I feel like I flew through January, being meat and wine free was a breeze. I switched my white (boxes because I’m classy) wine for either a Curious cocktail or some kombucha. The Curious cocktails are amazing. They have adaptogens and a little spicy kick to them. My favorite is No. 6, which is a Painkiller sans the rum. Pineapple-y enough to trick me into feeling like I might be on vacation if I could just drown the noise of my kids out. Toward the end of January I attended my cousin Nicole’s beautiful wedding in Cleveland. Alcohol was flowing but I didn’t feel any temptation. I even toasted with a glass of water. I was pretty proud of myself. All of the booze calories I saved I made up for by eating various unattended cake slices around the room. Don’t judge.
People were very supportive when I told them about “Dry January.” I even saw a few news segments on the benefits of a month off and had a few friends taking part in it. However, and it was pretty interesting, once February rolled around it seemed like being dry was out and over. The tide turned quickly.
“Why are you still sober?”
“How can you have fun without a drink?”
“You’ve earned a drink. You have kids!”
One lesson I’ve learned in sobriety is develop a thick skin and know your why. I knew after 31 days how much better I was feeling. My skin looked better, hair was shinier, I had more energy when I woke up in the morning, my workouts improved because I had more stamina, and my always-just-hovering-in-the-background stomach issues were all but gone. I do struggle with anxiety and I felt like my anxiousness was cut in half. I could relax more easily.
So I entered another month, then another and now I find myself at day 113 alcohol free. And while I found folks that aren’t very supportive, I have been messages by friends and friends of friends who are “sober curious” as well. It is so appreciated! I’ve had some great non-alcoholic drink recipes shared with me (a virgin Paloma is perfection) and a couple of informative podcasts that I’ve loved. There is an element of protection in messaging someone, people don’t have to put themselves out there to the world to say “Here I am! Booze free for me!” so for everyone who sent me a message I thank you. It means a ton!!

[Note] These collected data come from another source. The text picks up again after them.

lemma Suc_power_diff_le: "(n + 1) ^ p - n ^ p \<le> p * (n + 1::nat) ^ (p - 1)"
proof (induction p)
  case 0 then show ?case by simp
next
  case (Suc p)
  have "(n + 1) ^ Suc p - n ^ Suc p = (n + 1) * ((n + 1) ^ p - n ^ p) + n ^ p"
  proof -
    have "n ^ p \<le> (n + 1) ^ p" by (simp add: power_mono)
    then obtain d where d: "(n + 1) ^ p = n ^ p + d" using le_iff_add by blast
    then show ?thesis by (simp add: algebra_simps)
  qed
  also have "\<dots> \<le> (n + 1) * (p * (n + 1) ^ (p - 1)) + (n + 1) ^ p"
    using Suc by (intro add_mono mult_le_mono2 power_mono) auto
  also have "\<dots> = Suc p * (n + 1) ^ (Suc p - 1)"
    by (cases p) (simp_all add: algebra_simps)
  finally show ?case .
qed

lemma real_Suc_power_diff_le:
  assumes "1 \<le> n"
  shows "real ((n + 1) ^ p) - real (n ^ p) \<le> real p * 2 ^ (p - 1) * real n ^ (p - 1)"
proof -
  have le: "n ^ p \<le> (n + 1) ^ p" by (simp add: power_mono)
  have "real ((n + 1) ^ p) - real (n ^ p) = real ((n + 1) ^ p - n ^ p)"
    using le by (simp add: of_nat_diff)
  also have "\<dots> \<le> real (p * (n + 1) ^ (p - 1))"
    using Suc_power_diff_le by (simp only: of_nat_le_iff)
  also have "\<dots> \<le> real (p * (2 * n) ^ (p - 1))"
    using assms by (simp only: of_nat_le_iff) (intro mult_le_mono2 power_mono, auto)
  also have "\<dots> = real p * 2 ^ (p - 1) * real n ^ (p - 1)" by (simp add: power_mult_distrib)
  finally show ?thesis .
qed

lemma real_power_bracket:
  assumes "0 < p" and "real N ^ p \<le> t"
  obtains n :: nat where "N \<le> n" "real (n ^ p) \<le> t" "t \<le> real ((n + 1) ^ p)"
proof
  have t0: "0 \<le> t" using assms(2) by (metis of_nat_0_le_iff order_trans zero_le_power)
  define n where "n = nat \<lfloor>root p t\<rfloor>"
  have root_nonneg: "0 \<le> root p t" using t0 by (rule real_root_ge_zero)
  have "root p (real N ^ p) \<le> root p t" using assms by (simp add: real_root_le_iff)
  then have "real N \<le> root p t" using assms(1) by (simp add: real_root_power_cancel)
  then show "N \<le> n" unfolding n_def by (simp add: le_nat_floor)
  have "real n \<le> root p t" unfolding n_def using root_nonneg by linarith
  then have "real n ^ p \<le> root p t ^ p" by (rule power_mono) simp
  also have "\<dots> = t" using assms(1) t0 by (simp add: real_root_pow_pos2)
  finally show "real (n ^ p) \<le> t" by simp
  have "t = root p t ^ p" using assms(1) t0 by (simp add: real_root_pow_pos2)
  also have "\<dots> \<le> (real n + 1) ^ p"
    by (rule power_mono) (use root_nonneg in \<open>auto simp: n_def\<close>)
  finally show "t \<le> real ((n + 1) ^ p)" by (simp add: add.commute)
qed

lemma eventually_powr_neg_le:
  assumes "0 < a" and "0 < e"
  shows "eventually (\<lambda>n. real n powr (- a) \<le> e) sequentially"
proof -
  have "((\<lambda>n. real n powr (- a)) \<longlongrightarrow> 0) sequentially"
    using assms(1) by (intro tendsto_neg_powr filterlim_real_sequentially) simp
  from order_tendstoD(2)[OF this assms(2)] show ?thesis
    by (rule eventually_mono) simp
qed
lemma nn_integral_Ioc_less_top_of_powr_bound:
  fixes u :: "real \<Rightarrow> real"
  assumes antimono: "antimono_on {0<..} u" and "0 < t0" and "0 \<le> C" and "0 < beta"
    and bound: "\<And>s. 0 < s \<Longrightarrow> s < t0 \<Longrightarrow> u s \<le> C * s powr (beta - 1)"
  shows "(\<integral>\<^sup>+ y. indicator {0<..x} y * ennreal (u y) \<partial>lborel) < \<infinity>"
proof -
  define a where "a = t0 / 2"
  have a: "0 < a" "a < t0"
    using \<open>0 < t0\<close> by (auto simp: a_def)
  have powr: "(\<integral>\<^sup>+ y. ennreal (y powr (beta - 1)) * indicator {0..a} y \<partial>lborel)
      = ennreal (a powr (beta - 1 + 1) / (beta - 1 + 1))"
    by (rule nn_integral_has_integral_lebesgue'[OF _ has_integral_powr_from_0]) (use a \<open>0 < beta\<close> in auto)
  have "indicator {0<..x} y * ennreal (u y)
      \<le> ennreal C * (ennreal (y powr (beta - 1)) * indicator {0..a} y) + ennreal (u a) * indicator {a..x} y" for y
  proof (cases "0 < y \<and> y \<le> x")
    case True
    show ?thesis
    proof (cases "y \<le> a")
      case True
      then have "ennreal (u y) \<le> ennreal C * ennreal (y powr (beta - 1))"
        using bound[of y] a \<open>0 < y \<and> y \<le> x\<close> \<open>0 \<le> C\<close> by (simp add: ennreal_mult[symmetric] ennreal_leI)
      then show ?thesis
        using True \<open>0 < y \<and> y \<le> x\<close> by (auto simp: indicator_def intro: order_trans[OF _ add_increasing2])
    next
      case False
      then have "ennreal (u y) \<le> ennreal (u a)"
        using antimono a by (intro ennreal_leI) (auto simp: monotone_on_def)
      then show ?thesis
        using False \<open>0 < y \<and> y \<le> x\<close> by (auto simp: indicator_def intro: order_trans[OF _ add_increasing])
    qed
  qed (auto simp: indicator_def)
  then have "(\<integral>\<^sup>+ y. indicator {0<..x} y * ennreal (u y) \<partial>lborel)
      \<le> (\<integral>\<^sup>+ y. ennreal C * (ennreal (y powr (beta - 1)) * indicator {0..a} y) + ennreal (u a) * indicator {a..x} y \<partial>lborel)"
    by (intro nn_integral_mono)
  also have "\<dots> = ennreal C * (\<integral>\<^sup>+ y. ennreal (y powr (beta - 1)) * indicator {0..a} y \<partial>lborel)
      + ennreal (u a) * (\<integral>\<^sup>+ y. indicator {a..x} y \<partial>lborel)"
    by (subst nn_integral_add) (auto simp: nn_integral_cmult)
  also have "\<dots> < \<infinity>"
    using powr by (auto simp: ennreal_mult_less_top ennreal_mult[symmetric] emeasure_lborel_Icc_eq)
  finally show ?thesis .
qed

I found some great online communities and podcasts that shed light and encouragement when you made a decision like this. I was never a “lose it all, end up in a gutter, drink out of a paper bag” type. I’m able to classify myself as a grey area drinker and I chose to step off the booze cruise. Alcohol pervades every aspect of our lives, it’s accepted and everywhere, and I think for a lot of people it’s a nonissue. If it is an issue, or becomes one, just know it’s okay to question your involvement and take a step back if that serves you.
I keep track of my non drinking days on an app on my phone. I wake up, check my email and bank account, then visit my app to click the daily tea cup, saying I’m booze free today. I like a visual reminder of what I’m doing. Along with the health benefits I know I will keep this change for the long term for my children’s sake. Brooke will be 14 in two months and headed to high school this Fall. As I’ve said on a few occasions, Jess and I were both terrible teenagers and we did everything, collectively, except kill someone. As we know the apple may not fall far from the tree, I want Brooke to know that no matter what situation she finds herself in her Mom needs to be her first text/call. Being sober is a part of that promise that I can be available 24/7. My kids will get the best version of me. The one who shows up for the good and the bad.
As I embark on my 44th (!) birthday this weekend, I’ll salute my next trip around the Sun with a glass of Fre wine. And some cake. Because sugar still rocks.
Cheers, all!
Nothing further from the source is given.